Are there any good tricks to construct a heart of a t-structure? (I'm thinking on the derived category of coherent sheaves of some variety)

I'll start with the only one I know. If $(T,F)$ is a torsion pair on an abelian category $A$ then you can form the *tilt* inside $D(A)$.

By definition, the tilt is complexes in $D(A)$ such that the minus one cohomology lies in $T$ and the zeroth cohomology lies in $F$ and all other cohomology vanishes. Unfortunately this method is only good for hearts concentrated in two degrees.

An example of such a torsion pair is if you take $Ab$ the category of abelian groups, $T$ torsion groups and $F$ free groups. In any abelian group you can find the largest torsion subgroup and the quotient will be torsion free. This can be generalised to arbitrary integral domains and from that to arbitrary integral schemes, although the geometric meaning of the tilt (if there is one) escapes me.
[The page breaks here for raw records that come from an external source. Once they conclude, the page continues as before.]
lemma dd_expand_pt:
  assumes "f differentiable (at p)"
  shows "dd (a, b, c, e) f p = a * pd 0 f p + b * pd 1 f p + c * pd 2 f p + e * pd 3 f p"
proof -
  obtain f' where d: "(f has_derivative f') (at p)"
    using assms unfolding differentiable_def by blast
  have "(a, b, c, e) = a *\<^sub>R ecoord 0 + b *\<^sub>R ecoord 1 + c *\<^sub>R ecoord 2 + e *\<^sub>R ecoord 3"
    by (simp add: ecoord_def)
  then have "f' (a, b, c, e) = a * f' (ecoord 0) + b * f' (ecoord 1) + c * f' (ecoord 2) + e * f' (ecoord 3)"
    using has_derivative_linear[OF d] by (simp add: linear_add linear_cmul)
  then show ?thesis unfolding pd_def dd_eq_frechet[OF d] .
qed

lemma pd_cong_open: "open S \<Longrightarrow> q \<in> S \<Longrightarrow> (\<And>x. x \<in> S \<Longrightarrow> f x = g x) \<Longrightarrow> pd i f q = pd i g q"
  unfolding pd_def by (rule dd_cong_open)

lemma pd_eq_0_open: "open S \<Longrightarrow> q \<in> S \<Longrightarrow> (\<And>x. x \<in> S \<Longrightarrow> f x = 0) \<Longrightarrow> pd i f q = 0"
  using pd_cong_open[of S q f "\<lambda>_. 0"] by (simp add: pd_const)

lemma ecoord_in_Basis: "ecoord i \<in> Basis"
  by (auto simp: ecoord_def Basis_prod_def zero_prod_def)

lemma smooth_on_pd:
  assumes "smooth_on U f"
  shows "smooth_on U (pd i f)"
  unfolding smooth_on_def
proof (intro allI impI)
  fix bs :: "pt list" assume "set bs \<subseteq> Basis"
  then have "set (bs @ [ecoord i]) \<subseteq> Basis" using ecoord_in_Basis by simp
  then have "foldr dd (bs @ [ecoord i]) f differentiable_on U"
    using assms unfolding smooth_on_def by blast
  then show "foldr dd bs (pd i f) differentiable_on U" by (simp add: pd_def)
qed

lemma smooth_on_imp_differentiable:
  assumes "smooth_on U f" "open U" "p \<in> U"
  shows "f differentiable (at p)"
proof -
  have "foldr dd [] f differentiable_on U"
    using assms(1) unfolding smooth_on_def by (metis empty_set empty_subsetI)
  then show ?thesis using assms(2,3) by (simp add: differentiable_on_eq_differentiable_at)
qed

lemma pd_commute:
  assumes "open U" "smooth_on U f" "p \<in> U"
  shows "pd i (pd j f) p = pd j (pd i f) p"
proof -
  have diff: "g differentiable (at q)" if "smooth_on U g" "q \<in> U" for g q
    using smooth_on_imp_differentiable that assms(1) by blast
  have "isCont (pd i (pd j f)) p" "isCont (pd j (pd i f)) p"
    using diff[OF _ assms(3)] assms(2) smooth_on_pd differentiable_imp_continuous_within by blast+
  then show ?thesis unfolding pd_def
    by (intro dd_dd_commute[OF assms(1,3)]) (use diff assms(2) smooth_on_pd in \<open>auto simp: pd_def\<close>)
qed

lemma differentiable_transform_open:
  assumes "f differentiable (at x)" "open N" "x \<in> N" "\<And>y. y \<in> N \<Longrightarrow> f y = g y"
  shows "g differentiable (at x within S)"
proof -
  obtain f' where "(f has_derivative f') (at x)" using assms(1) unfolding differentiable_def by blast
  then have "(g has_derivative f') (at x)"
    by (rule has_derivative_transform_within_open[of f f' x UNIV N g]) (use assms in auto)
  then show ?thesis unfolding differentiable_def using has_derivative_at_withinI by blast
qed

lemma smooth_on_add_scaled:
  fixes f g :: "'a::euclidean_space \<Rightarrow> real"
  assumes U: "open U" and f: "smooth_on U f" and g: "smooth_on U g"
  shows "smooth_on U (\<lambda>p. f p + c * g p)"
proof -
  have diff: "foldr dd bs f differentiable (at q)" "foldr dd bs g differentiable (at q)"
    if "set bs \<subseteq> Basis" "q \<in> U" for bs :: "'a list" and q
    using f g that U unfolding smooth_on_def by (auto simp: differentiable_on_eq_differentiable_at)
  have eq: "foldr dd bs (\<lambda>p. f p + c * g p) q = foldr dd bs f q + c * foldr dd bs g q"
    if "set bs \<subseteq> Basis" "q \<in> U" for bs :: "'a list" and q
    using that
  proof (induction bs arbitrary: q)
    case (Cons b bs)
    then have "foldr dd (b # bs) (\<lambda>p. f p + c * g p) q
        = dd b (\<lambda>q. foldr dd bs f q + c * foldr dd bs g q) q"
      using dd_cong_open[OF U, of q "foldr dd bs (\<lambda>p. f p + c * g p)"] by simp
    also have "\<dots> = dd b (foldr dd bs f) q + c * dd b (foldr dd bs g) q"
      using diff Cons.prems by (simp add: dd_add dd_cmult)
    finally show ?case by simp
  qed simp
  show ?thesis unfolding smooth_on_def differentiable_on_def
  proof (intro allI impI ballI)
    fix bs :: "'a list" and q assume bs: "set bs \<subseteq> Basis" and q: "q \<in> U"
    have "(\<lambda>q. foldr dd bs f q + c * foldr dd bs g q) differentiable (at q)"
      using diff[OF bs q] by simp
    then show "foldr dd bs (\<lambda>p. f p + c * g p) differentiable (at q within U)"
      by (rule differentiable_transform_open[OF _ U q]) (simp add: eq[OF bs])
  qed
qed

lemma smooth_on_local_pullback:
  fixes \<psi> :: "'a::euclidean_space \<Rightarrow> real" and U :: "'b::euclidean_space set" and L :: "'a \<Rightarrow> 'b"
  assumes U: "open U" and L: "linear L" "L ` Basis \<subseteq> Basis"
    and loc: "\<And>z0. z0 \<in> S \<Longrightarrow> \<exists>c \<phi> N. smooth_on U \<phi> \<and> open N \<and> z0 \<in> N
               \<and> (\<forall>z\<in>N. c + L z \<in> U \<and> \<psi> z = \<phi> (c + L z))"
  shows "smooth_on S \<psi>"
  unfolding smooth_on_def differentiable_on_def
proof (intro allI impI ballI)
  fix bs :: "'a list" and z0 assume bs: "set bs \<subseteq> Basis" and "z0 \<in> S"
  then obtain c \<phi> N where \<phi>: "smooth_on U \<phi>" and N: "open N" "z0 \<in> N"
    and eq: "\<And>z. z \<in> N \<Longrightarrow> c + L z \<in> U \<and> \<psi> z = \<phi> (c + L z)"
    using loc by metis
  have "foldr dd bs \<psi> z = foldr dd bs (\<lambda>z. \<phi> (c + L z)) z" if "z \<in> N" for z
    by (rule foldr_dd_cong_open[OF N(1) _ that]) (use eq in auto)
  then have foldr_eq: "foldr dd bs \<psi> z = foldr dd (map L bs) \<phi> (c + L z)" if "z \<in> N" for z
    using that by (simp add: foldr_dd_affine[OF L(1)])
  have "set (map L bs) \<subseteq> Basis" using bs L(2) by auto
  then have "foldr dd (map L bs) \<phi> differentiable (at (c + L z0))"
    using \<phi> eq[OF N(2)] U unfolding smooth_on_def by (auto simp: differentiable_on_eq_differentiable_at)
  moreover have "(\<lambda>z. c + L z) differentiable (at z0)"
    using L(1) by (intro differentiable_add differentiable_const linear_imp_differentiable)
  ultimately have "(\<lambda>z. foldr dd (map L bs) \<phi> (c + L z)) differentiable (at z0)"
    by (rule differentiable_compose)
  then show "foldr dd bs \<psi> differentiable (at z0 within S)"
    by (rule differentiable_transform_open[OF _ N]) (simp add: foldr_eq)
qed

lemma smooth_on_factor:
  fixes U :: "'b::euclidean_space set" and \<pi> :: "'b \<Rightarrow> 'a::euclidean_space" and L :: "'a \<Rightarrow> 'b"
  assumes U: "open U" and \<pi>: "linear \<pi>" and L: "linear L" "L ` Basis \<subseteq> Basis"
    and \<pi>L: "\<And>z. \<pi> (L z) = z"
    and fibre: "\<And>p q. p \<in> U \<Longrightarrow> q \<in> U \<Longrightarrow> \<pi> p = \<pi> q \<Longrightarrow> f p = f q"
    and line: "\<And>p. p \<in> U \<Longrightarrow> \<exists>\<phi>. smooth_on U \<phi> \<and> (\<forall>z. p + L z \<in> U \<longrightarrow> f (p + L z) = \<phi> (p + L z))"
  shows "\<exists>g. smooth_on (\<pi> ` U) g \<and> (\<forall>p\<in>U. f p = g (\<pi> p))"
proof -
  define g where "g w = f (SOME p. p \<in> U \<and> \<pi> p = w)" for w
  have f_eq_g: "f p = g (\<pi> p)" if "p \<in> U" for p
  proof -
    have "(SOME q. q \<in> U \<and> \<pi> q = \<pi> p) \<in> U \<and> \<pi> (SOME q. q \<in> U \<and> \<pi> q = \<pi> p) = \<pi> p"
      by (rule someI) (use that in blast)
    then show ?thesis unfolding g_def using fibre[OF that] by simp
  qed
  have "smooth_on (\<pi> ` U) g"
  proof (rule smooth_on_local_pullback[OF U L])
    fix w0 assume "w0 \<in> \<pi> ` U"
    then obtain p0 where p0: "p0 \<in> U" "\<pi> p0 = w0" by blast
    obtain \<phi> where \<phi>: "smooth_on U \<phi>" "\<And>z. p0 + L z \<in> U \<Longrightarrow> f (p0 + L z) = \<phi> (p0 + L z)"
      using line[OF p0(1)] by blast
    define c where "c = p0 - L w0"
    define N where "N = (\<lambda>w. c + L w) -` U"
    have "continuous (at w) (\<lambda>w. c + L w)" for w
      using L(1) by (intro continuous_intros linear_continuous_at) (simp add: linear_conv_bounded_linear)
    then have "open N" unfolding N_def using U by (intro continuous_open_vimage)
    moreover have "w0 \<in> N" using p0 unfolding N_def c_def by simp
    moreover have "g w = \<phi> (c + L w)" if "c + L w \<in> U" for w
    proof -
      have cL: "c + L w = p0 + L (w - w0)"
        unfolding c_def by (simp add: linear_diff[OF L(1)])
      have "\<pi> (c + L w) = w"
        using p0(2) \<pi>L unfolding c_def by (simp add: linear_add[OF \<pi>] linear_diff[OF \<pi>])
      then have "g w = f (c + L w)" using f_eq_g[OF that] by simp
      also have "\<dots> = \<phi> (c + L w)" using \<phi>(2)[of "w - w0"] that unfolding cL by simp
      finally show ?thesis .
    qed
    ultimately show "\<exists>c \<phi> N. smooth_on U \<phi> \<and> open N \<and> w0 \<in> N \<and> (\<forall>w\<in>N. c + L w \<in> U \<and> g w = \<phi> (c + L w))"
      using \<phi>(1) unfolding N_def by blast
  qed
  with f_eq_g show ?thesis by blast
qed

section \<open>Curvature of the pr-wave chart\<close>

lemma lessThan_4: "{..<4::nat} = {0,1,2,3}" by auto
(* Let $n\ge1$ players all have the same valuation $v$ on a finite set of goods $M$. Assume $v$ has nonzero marginal utility: $v(S\cup\{g\})>v(S)$ for every $S\subsetneq M$ and $g\notin S$. Then every leximin solution is both EFX and Pareto optimal.
   Context: A valuation is a function $v:2^M\to\mathbb{R}_{\ge0}$ with $v(\emptyset)=0$ that is monotone: $v(S)\le v(T)$ whenever $S\subseteq T$. An allocation is an ordered partition $(A_1,\dots,A_n)$ of $M$; parts may be empty. It is EFX if for all players $i,j$ and every $g\in A_j$ we have $v_i(A_i)\ge v_i(A_j\setminus\{g\})$. It is Pareto optimal (PO) if there is no allocation $B$ with $v_i(B_i)\ge v_i(A_i)$ for all $i$ and $v_j(B_j)>v_j(A_j)$ for some $j$. For an allocation $A$, let $X^A$ be the ordering of the players by increasing utility $v_i(A_i)$, with ties broken by increasing player index. The leximin comparison is defined as follows. For allocations $A$ and $B$, let $\ell$ be the first index at which $v_{X^A_\ell}(A_{X^A_\ell})\ne v_{X^B_\ell}(B_{X^B_\ell})$. Then $A\prec B$ holds if and only if such an $\ell$ exists and $v_{X^A_\ell}(A_{X^A_\ell})< v_{X^B_\ell}(B_{X^B_\ell})$. Equivalently, the sorted utility vector of $A$ is lexicographically smaller than that of $B$. A leximin solution is an allocation $A$ with no allocation $B$ satisfying $A\prec B$. *)

theory Defs
  imports Complex_Main
begin

definition valuation :: "'g set \<Rightarrow> ('g set \<Rightarrow> real) \<Rightarrow> bool" where
  "valuation M v \<longleftrightarrow> v {} = 0 \<and> (\<forall>S. S \<subseteq> M \<longrightarrow> v S \<ge> 0)
     \<and> (\<forall>S T. S \<subseteq> T \<and> T \<subseteq> M \<longrightarrow> v S \<le> v T)"

definition nonzero_marginal :: "'g set \<Rightarrow> ('g set \<Rightarrow> real) \<Rightarrow> bool" where
  "nonzero_marginal M v \<longleftrightarrow> (\<forall>S g. S \<subset> M \<and> g \<in> M \<and> g \<notin> S \<longrightarrow> v (S \<union> {g}) > v S)"

definition allocation :: "nat \<Rightarrow> 'g set \<Rightarrow> (nat \<Rightarrow> 'g set) \<Rightarrow> bool" where
  "allocation n M A \<longleftrightarrow> (\<Union>i<n. A i) = M
     \<and> (\<forall>i<n. \<forall>j<n. i \<noteq> j \<longrightarrow> A i \<inter> A j = {})"

definition EFX :: "nat \<Rightarrow> (nat \<Rightarrow> 'g set \<Rightarrow> real) \<Rightarrow> (nat \<Rightarrow> 'g set) \<Rightarrow> bool" where
  "EFX n vs A \<longleftrightarrow> (\<forall>i<n. \<forall>j<n. \<forall>g\<in>A j. vs i (A i) \<ge> vs i (A j - {g}))"

definition pareto_optimal :: "nat \<Rightarrow> 'g set \<Rightarrow> (nat \<Rightarrow> 'g set \<Rightarrow> real) \<Rightarrow> (nat \<Rightarrow> 'g set) \<Rightarrow> bool" where
  "pareto_optimal n M vs A \<longleftrightarrow> \<not> (\<exists>B. allocation n M B \<and> (\<forall>i<n. vs i (B i) \<ge> vs i (A i))
        \<and> (\<exists>j<n. vs j (B j) > vs j (A j)))"

definition util_vec :: "nat \<Rightarrow> (nat \<Rightarrow> 'g set \<Rightarrow> real) \<Rightarrow> (nat \<Rightarrow> 'g set) \<Rightarrow> real list" where
  "util_vec n vs A = sort (map (\<lambda>i. vs i (A i)) [0..<n])"

definition leximin_less :: "nat \<Rightarrow> (nat \<Rightarrow> 'g set \<Rightarrow> real) \<Rightarrow> (nat \<Rightarrow> 'g set) \<Rightarrow> (nat \<Rightarrow> 'g set) \<Rightarrow> bool" where
  "leximin_less n vs A B \<longleftrightarrow> (\<exists>l<n. (\<forall>k<l. util_vec n vs A ! k = util_vec n vs B ! k)
        \<and> util_vec n vs A ! l < util_vec n vs B ! l)"

definition leximin :: "nat \<Rightarrow> 'g set \<Rightarrow> (nat \<Rightarrow> 'g set \<Rightarrow> real) \<Rightarrow> (nat \<Rightarrow> 'g set) \<Rightarrow> bool" where
  "leximin n M vs A \<longleftrightarrow> allocation n M A \<and> \<not> (\<exists>B. allocation n M B \<and> leximin_less n vs A B)"

end

theory Submission
  imports Defs "HOL-Library.Multiset"
begin

text \<open>Both properties follow from one comparison principle for sorted lists: if two
  lists of equal length agree (as multisets) below a value \<open>a\<close> and the first contains
  more copies of \<open>a\<close>, then the sorted first list is lexicographically smaller. Hence a
  reallocation that leaves every utility below \<open>a\<close> unchanged, lets no changed utility
  end at or below \<open>a\<close>, and lifts some player from exactly \<open>a\<close> to above \<open>a\<close> is a leximin
  improvement. For a Pareto improvement take \<open>a\<close> to be the least original utility of
  a strictly improved player. For an EFX violation \<open>v (A i) < v (A j - {g})\<close>, move
  \<open>g\<close> from \<open>j\<close> to \<open>i\<close> and take \<open>a = v (A i)\<close>: player \<open>i\<close> gains by nonzero marginal
  utility, and player \<open>j\<close> keeps more than \<open>a\<close> because the valuation is shared.\<close>

lemma sort_split_around:
  fixes xs :: "'a::linorder list"
  shows "sort xs = sort (filter (\<lambda>x. x < a) xs) @ replicate (count_list xs a) a
                   @ sort (filter (\<lambda>x. a < x) xs)"
proof (rule properties_for_sort)
  show "mset (sort (filter (\<lambda>x. x < a) xs) @ replicate (count_list xs a) a
              @ sort (filter (\<lambda>x. a < x) xs)) = mset xs"
    by (induction xs) auto
qed (auto simp: sorted_append)

lemma sort_lex_less_if_more_copies:
  fixes xs ys :: "'a::linorder list"
  assumes len: "length xs = length ys"
    and below: "mset (filter (\<lambda>x. x < a) xs) = mset (filter (\<lambda>x. x < a) ys)"
    and copies: "count_list ys a < count_list xs a"
  shows "\<exists>l<length xs. (\<forall>k<l. sort xs ! k = sort ys ! k) \<and> sort xs ! l < sort ys ! l"
proof -
  define P where "P = sort (filter (\<lambda>x. x < a) ys)"
  define G where "G = sort (filter (\<lambda>x. a < x) xs)"
  define G' where "G' = sort (filter (\<lambda>x. a < x) ys)"
  have "sort (filter (\<lambda>x. x < a) xs) = P"
    unfolding P_def by (rule properties_for_sort) (use below in simp_all)
  then have xs: "sort xs = P @ replicate (count_list xs a) a @ G"
    using sort_split_around[of xs a] by (simp add: G_def)
  have ys: "sort ys = P @ replicate (count_list ys a) a @ G'"
    using sort_split_around[of ys a] by (simp add: P_def G'_def)
  have "length G' > 0"
    using arg_cong[OF xs, of length] arg_cong[OF ys, of length] len copies
    by (simp only: length_append length_replicate length_sort)
  then have G'_head: "a < G' ! 0"
    using nth_mem[of 0 G'] by (simp add: G'_def)
  define l where "l = length P + count_list ys a"
  show ?thesis
  proof (intro exI conjI allI impI)
    show "l < length xs"
      using arg_cong[OF xs, of length] copies by (simp add: l_def)
    show "sort xs ! k = sort ys ! k" if "k < l" for k
      using that copies unfolding xs ys l_def by (auto simp: nth_append)
    show "sort xs ! l < sort ys ! l"
      using copies G'_head unfolding xs ys l_def by (simp add: nth_append)
  qed
qed

lemma count_list_map_upt: "count_list (map f [0..<n]) a = card {k. k < n \<and> f k = a}"
proof -
  have "count_list (map f [0..<n]) a = length (filter (\<lambda>k. f k = a) [0..<n])"
    by (simp add: count_list_eq_length_filter filter_map comp_def eq_commute[of a])
  also have "\<dots> = card (set (filter (\<lambda>k. f k = a) [0..<n]))"
    by (rule distinct_card[symmetric]) simp
  also have "set (filter (\<lambda>k. f k = a) [0..<n]) = {k. k < n \<and> f k = a}"
    by auto
  finally show ?thesis .
qed

lemma sort_map_upt_lex_less_if_raised:
  fixes u w :: "nat \<Rightarrow> 'a::linorder"
  assumes u_below: "\<And>k. k < n \<Longrightarrow> u k < a \<Longrightarrow> w k = u k"
    and w_below: "\<And>k. k < n \<Longrightarrow> w k \<le> a \<Longrightarrow> w k = u k"
    and raised: "k0 < n" "u k0 = a" "a < w k0"
  shows "\<exists>l<n. (\<forall>k<l. sort (map u [0..<n]) ! k = sort (map w [0..<n]) ! k)
           \<and> sort (map u [0..<n]) ! l < sort (map w [0..<n]) ! l"
proof -
  have "filter (\<lambda>x. x < a) (map u [0..<n]) = map u (filter (\<lambda>k. u k < a) [0..<n])"
    by (simp add: filter_map comp_def)
  also have "\<dots> = map w (filter (\<lambda>k. w k < a) [0..<n])"
  proof (intro map_cong filter_cong refl)
    show "k \<in> set [0..<n] \<Longrightarrow> u k < a \<longleftrightarrow> w k < a" for k
      using u_below w_below by (metis atLeastLessThan_iff less_imp_le set_upt)
    show "k \<in> set (filter (\<lambda>k. w k < a) [0..<n]) \<Longrightarrow> u k = w k" for k
      using w_below by (simp add: less_imp_le)
  qed
  also have "\<dots> = filter (\<lambda>x. x < a) (map w [0..<n])"
    by (simp add: filter_map comp_def)
  finally have same_below:
    "filter (\<lambda>x. x < a) (map u [0..<n]) = filter (\<lambda>x. x < a) (map w [0..<n])" .
  have "{k. k < n \<and> w k = a} \<subset> {k. k < n \<and> u k = a}"
  proof
    show "{k. k < n \<and> w k = a} \<subseteq> {k. k < n \<and> u k = a}"
      using w_below by (auto intro: sym)
    have "k0 \<in> {k. k < n \<and> u k = a}" "k0 \<notin> {k. k < n \<and> w k = a}"
      using raised by simp_all
    then show "{k. k < n \<and> w k = a} \<noteq> {k. k < n \<and> u k = a}"
      by blast
  qed
  then have fewer_copies: "count_list (map w [0..<n]) a < count_list (map u [0..<n]) a"
    by (simp add: count_list_map_upt psubset_card_mono)
  have "length (map u [0..<n]) = length (map w [0..<n])"
    by simp
  from sort_lex_less_if_more_copies[OF this arg_cong[OF same_below, of mset] fewer_copies]
  show ?thesis
    by simp
qed

lemma leximin_less_if_raised:
  assumes "\<And>k. k < n \<Longrightarrow> vs k (A k) < a \<Longrightarrow> vs k (B k) = vs k (A k)"
    and "\<And>k. k < n \<Longrightarrow> vs k (B k) \<le> a \<Longrightarrow> vs k (B k) = vs k (A k)"
    and "j < n" "vs j (A j) = a" "a < vs j (B j)"
  shows "leximin_less n vs A B"
  unfolding leximin_less_def util_vec_def
  by (rule sort_map_upt_lex_less_if_raised[where u = "\<lambda>k. vs k (A k)" and w = "\<lambda>k. vs k (B k)"])
    (fact assms)+

lemma allocation_subset:
  "allocation n M A \<Longrightarrow> i < n \<Longrightarrow> A i \<subseteq> M"
  unfolding allocation_def by blast

lemma allocation_move_good:
  assumes "allocation n M A" "i < n" "j < n" "i \<noteq> j" "g \<in> A j"
  shows "allocation n M (A(i := A i \<union> {g}, j := A j - {g}))"
  using assms unfolding allocation_def by (auto 0 4 split: if_splits)

lemma leximin_not_less:
  "leximin n M vs A \<Longrightarrow> allocation n M B \<Longrightarrow> \<not> leximin_less n vs A B"
  unfolding leximin_def by blast

lemma leximin_imp_pareto_optimal:
  assumes leximin: "leximin n M vs A"
  shows "pareto_optimal n M vs A"
  unfolding pareto_optimal_def
proof
  assume "\<exists>B. allocation n M B \<and> (\<forall>i<n. vs i (A i) \<le> vs i (B i))
            \<and> (\<exists>j<n. vs j (A j) < vs j (B j))"
  then obtain B j where B: "allocation n M B" and weakly: "\<forall>i<n. vs i (A i) \<le> vs i (B i)"
    and "j < n" "vs j (A j) < vs j (B j)"
    by blast
  define improved where "improved = {i. i < n \<and> vs i (A i) < vs i (B i)}"
  have "finite improved" "improved \<noteq> {}"
    using \<open>j < n\<close> \<open>vs j (A j) < vs j (B j)\<close> by (auto simp: improved_def)
  then obtain k0 where "k0 \<in> improved" and least: "\<And>k. k \<in> improved \<Longrightarrow> vs k0 (A k0) \<le> vs k (A k)"
    using arg_min_if_finite[of improved "\<lambda>k. vs k (A k)"] by (metis not_le)
  have "leximin_less n vs A B"
  proof (rule leximin_less_if_raised[where a = "vs k0 (A k0)" and j = k0])
    have unchanged: "vs k (B k) = vs k (A k)" if "k < n" "k \<notin> improved" for k
      using that weakly[rule_format, of k] by (simp add: improved_def)
    have not_below_min: "\<not> vs k (A k) < vs k0 (A k0)" if "k \<in> improved" for k
      using least[OF that] by simp
    show "vs k (B k) = vs k (A k)" if "k < n" "vs k (A k) < vs k0 (A k0)" for k
      using that not_below_min unchanged by blast
    show "vs k (B k) = vs k (A k)" if "k < n" "vs k (B k) \<le> vs k0 (A k0)" for k
    proof (rule unchanged)
      show "k \<notin> improved"
        using that not_below_min[of k] by (auto simp: improved_def)
    qed (fact \<open>k < n\<close>)
    show "k0 < n" "vs k0 (A k0) = vs k0 (A k0)" "vs k0 (A k0) < vs k0 (B k0)"
      using \<open>k0 \<in> improved\<close> by (simp_all add: improved_def)
  qed
  with leximin B show False
    by (simp add: leximin_not_less)
qed

lemma leximin_imp_EFX:
  assumes val: "valuation M v" and marginal: "nonzero_marginal M v"
    and leximin: "leximin n M (\<lambda>_. v) A"
  shows "EFX n (\<lambda>_. v) A"
  unfolding EFX_def
proof (intro allI impI ballI)
  fix i j g assume "i < n" "j < n" "g \<in> A j"
  have alloc: "allocation n M A"
    using leximin by (simp add: leximin_def)
  have mono: "v S \<le> v T" if "S \<subseteq> T" "T \<subseteq> M" for S T
    using val that unfolding valuation_def by blast
  have removed_le: "v (A j - {g}) \<le> v (A j)"
    using allocation_subset[OF alloc \<open>j < n\<close>] by (intro mono) auto
  show "v (A j - {g}) \<le> v (A i)"
  proof (rule ccontr)
    assume envy: "\<not> v (A j - {g}) \<le> v (A i)"
    then have "i \<noteq> j"
      using removed_le by auto
    define B where "B = A(i := A i \<union> {g}, j := A j - {g})"
    have B: "allocation n M B"
      unfolding B_def using allocation_move_good[OF alloc \<open>i < n\<close> \<open>j < n\<close> \<open>i \<noteq> j\<close> \<open>g \<in> A j\<close>] .
    have "g \<in> M" "g \<notin> A i"
      using alloc \<open>i < n\<close> \<open>j < n\<close> \<open>i \<noteq> j\<close> \<open>g \<in> A j\<close> unfolding allocation_def by blast+
    then have "A i \<subset> M"
      using allocation_subset[OF alloc \<open>i < n\<close>] by blast
    then have gain: "v (A i) < v (A i \<union> {g})"
      using marginal \<open>g \<in> M\<close> \<open>g \<notin> A i\<close> by (simp add: nonzero_marginal_def)
    have Bi: "B i = A i \<union> {g}" and Bj: "B j = A j - {g}"
      and Bk: "\<And>k. k \<noteq> i \<Longrightarrow> k \<noteq> j \<Longrightarrow> B k = A k"
      using \<open>i \<noteq> j\<close> by (simp_all add: B_def)
    have "leximin_less n (\<lambda>_. v) A B"
    proof (rule leximin_less_if_raised[where j = i])
      show "v (B k) = v (A k)" if "k < n" "v (A k) < v (A i)" for k
      proof -
        have "k \<noteq> i" "k \<noteq> j"
          using that envy removed_le by auto
        then show ?thesis by (simp add: Bk)
      qed
      show "v (B k) = v (A k)" if "k < n" "v (B k) \<le> v (A i)" for k
      proof -
        have "k \<noteq> i" "k \<noteq> j"
          using that envy gain Bi Bj by auto
        then show ?thesis by (simp add: Bk)
      qed
      show "i < n" "v (A i) = v (A i)" "v (A i) < v (B i)"
        using \<open>i < n\<close> gain Bi by simp_all
    qed
    with leximin B show False
      by (simp add: leximin_not_less)
  qed
qed

theorem theorem5p4:
  fixes n :: nat and M :: "'g set" and v :: "'g set \<Rightarrow> real" and A :: "nat \<Rightarrow> 'g set"
  assumes "n \<ge> 1"
    and "finite M"
    and "valuation M v"
    and "nonzero_marginal M v"
    and "leximin n M (\<lambda>_. v) A"
  shows "EFX n (\<lambda>_. v) A \<and> pareto_optimal n M (\<lambda>_. v) A"
  using leximin_imp_EFX[OF assms(3-5)] leximin_imp_pareto_optimal[OF assms(5)] ..

end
Another example is Bridgeland's category of perverse coherent sheaves, which can be defined as a tilt. I would be very interested in generalisations of Bridgeland's category. There is also a notion of perverse coherent sheaf by Bezrukavnikov, but from what I understand it is only useful with Artin stacks, as the jump in the dimension of the coarse space given by stabiliser groups is what allows interesting perversities. Comments on these latter perverse sheaves would also be very much appreciated, as I don't really understand the construction.